声明:本页面是StackOverFlow热门问题的中英对照翻译,遵循CC BY-SA 4.0协议,如果您需要使用它,必须同样遵循CC BY-SA许可,注明原文地址和作者信息,同时你必须将它归于原作者(不是我):StackOverFlow 原文地址: http://stackoverflow.com/questions/17407691/
Warning: these are provided under cc-by-sa 4.0 license. You are free to use/share it, But you must attribute it to the original authors (not me): StackOverFlow

提示:将鼠标放在中文语句上可以显示对应的英文。显示中英文
时间:2020-08-19 08:07:10  来源:igfitidea点击:

Python regex to match multiple times

pythonregexmultiple-matches

提问by mavili

I'm trying to match a pattern against strings that could have multiple instances of the pattern.
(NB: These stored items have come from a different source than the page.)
(* Let $(M,d)$ be a complete metric space and $X\subseteq M$ compact. Assume that every $\mu\in P(X)$ admits a barycenter in $M$, and that the barycentric convex hull $Y=conv(X)$ is compact. Then there exists a circumcenter $\nu\in P(M)$ of $i(X)$ in $(P(M),W_2)$, and the square $R^2$ of the circumradius $R$ of $i(X)$ equals both $\max_{\mu\in P(X)}Var(\mu)$ and $\min_{\bar\nu\in P(Y)}AVar(\bar\nu)$. Furthermore, any $\bar\mu\in P(X)$ maximizing the variance satisfies $W_2(\delta_x,\nu)=R$ for $\bar\mu$-almost every $x$, and if $\bar\nu$ is any other circumcenter of $i(X)$, then also $W_2(\delta_x,\bar\nu)=R$ for $\bar\mu$-almost every $x$.
   Context: $P(\cdot)$ denotes Borel probability measures. For $\mu\in P(X)$, $Var(\mu)=\inf_{y\in M}\int_X d^2(x,y)\,d\mu(x)$, and a barycenter of $\mu$ is a point $y\in M$ attaining this infimum. $conv(X)$ is the set of all barycenters in $M$ of measures $\mu\in P(X)$. For $\bar\nu\in P(Y)$, $AVar(\bar\nu)=\max_{x\in X}\int_Y d^2(x,y)\,d\bar\nu(y)$. $W_2$ is the Wasserstein distance on $P(M)$: $W_2^2(\mu,\nu)=\inf_\gamma\int_{M\times M}d^2(x,y)\,d\gamma(x,y)$ over couplings $\gamma$ of $\mu,\nu$; in particular $W_2^2(\delta_x,\nu)=\int_M d^2(x,y)\,d\nu(y)$. The map $i:X\to P(M)$ is $i(x)=\delta_x$. The circumradius of $i(X)$ is $\inf_{\nu\in P(M)}\sup_{x\in X}W_2(\delta_x,\nu)$, and a circumcenter of $i(X)$ is a $\nu\in P(M)$ with $\sup_{x\in X}W_2(\delta_x,\nu)$ equal to this circumradius. *)

theory Defs
  imports "HOL-Probability.Probability"
begin

text \<open>Borel probability measures on the (complete metric) space M, modelled as the type 'a.\<close>
definition PM :: "'a::metric_space measure set" where
  "PM = {\<mu>. prob_space \<mu> \<and> sets \<mu> = sets borel}"

text \<open>P(X), identified with the Borel probability measures on M concentrated on X.\<close>
definition PX :: "'a::metric_space set \<Rightarrow> 'a measure set" where
  "PX X = {\<mu> \<in> PM. emeasure \<mu> X = 1}"

definition Var :: "'a::metric_space measure \<Rightarrow> real" where
  "Var \<mu> = (INF y. \<integral>x. (dist x y)\<^sup>2 \<partial>\<mu>)"

definition barycenter :: "'a::metric_space measure \<Rightarrow> 'a \<Rightarrow> bool" where
  "barycenter \<mu> y \<longleftrightarrow> (\<integral>x. (dist x y)\<^sup>2 \<partial>\<mu>) = Var \<mu>"

definition conv :: "'a::metric_space set \<Rightarrow> 'a set" where
  "conv X = {y. \<exists>\<mu>\<in>PX X. barycenter \<mu> y}"

definition AVar :: "'a::metric_space set \<Rightarrow> 'a measure \<Rightarrow> real" where
  "AVar X \<nu> = (SUP x\<in>X. \<integral>y. (dist x y)\<^sup>2 \<partial>\<nu>)"

text \<open>Squared Wasserstein distance W_2^2(delta_x, nu) = integral of d^2(x,y) d nu(y) (possibly infinite).\<close>
definition W2sq :: "'a::metric_space \<Rightarrow> 'a measure \<Rightarrow> ennreal" where
  "W2sq x \<nu> = (\<integral>\<^sup>+ y. ennreal ((dist x y)\<^sup>2) \<partial>\<nu>)"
I need every instance separately. re.findall()shoulddo it but I don't know what I'm doing wrong.

我正在尝试将模式与可能具有该模式的多个实例的字符串进行匹配。我需要单独的每个实例。re.findall()应该这样做,但我不知道我做错了什么。

pattern = re.compile('/review: (http://url.com/(\d+)\s?)+/', re.IGNORECASE)
match = pattern.findall('this is the message. review: http://url.com/123 http://url.com/456')

I need 'http://url.com/123', http://url.com/456and the two numbers 123 & 456 to be different elements of the matchlist.

我需要“ http://url.com/123”,http://url.com/456和两个数123 456是不同的元素match列表。

I have also tried '/review: ((http://url.com/(\d+)\s?)+)/'as the pattern, but no luck.

我也试过'/review: ((http://url.com/(\d+)\s?)+)/'这种模式,但没有运气。

采纳答案by Narendra Yadala

Use this. You need to place 'review' outside the capturing group to achieve the desired result.

用这个。您需要将“”放在捕获组之外以达到预期的结果。

pattern = re.compile(r'(?:review: )?(http://url.com/(\d+))\s?', re.IGNORECASE)

This gives output

这给出了输出

>>> match = pattern.findall('this is the message. review: http://url.com/123 http://url.com/456')
>>> match
[('http://url.com/123', '123'), ('http://url.com/456', '456')]

回答by John Montgomery

You've got extra /'s in the regex. In python the pattern should just be a string. e.g. instead of this:

您在正则表达式中有额外的 / 。在python中,模式应该只是一个字符串。例如,而不是这个:

pattern = re.compile('/review: (http://url.com/(\d+)\s?)+/', re.IGNORECASE)

It should be:

它应该是:

pattern = re.compile('review: (http://url.com/(\d+)\s?)+', re.IGNORECASE)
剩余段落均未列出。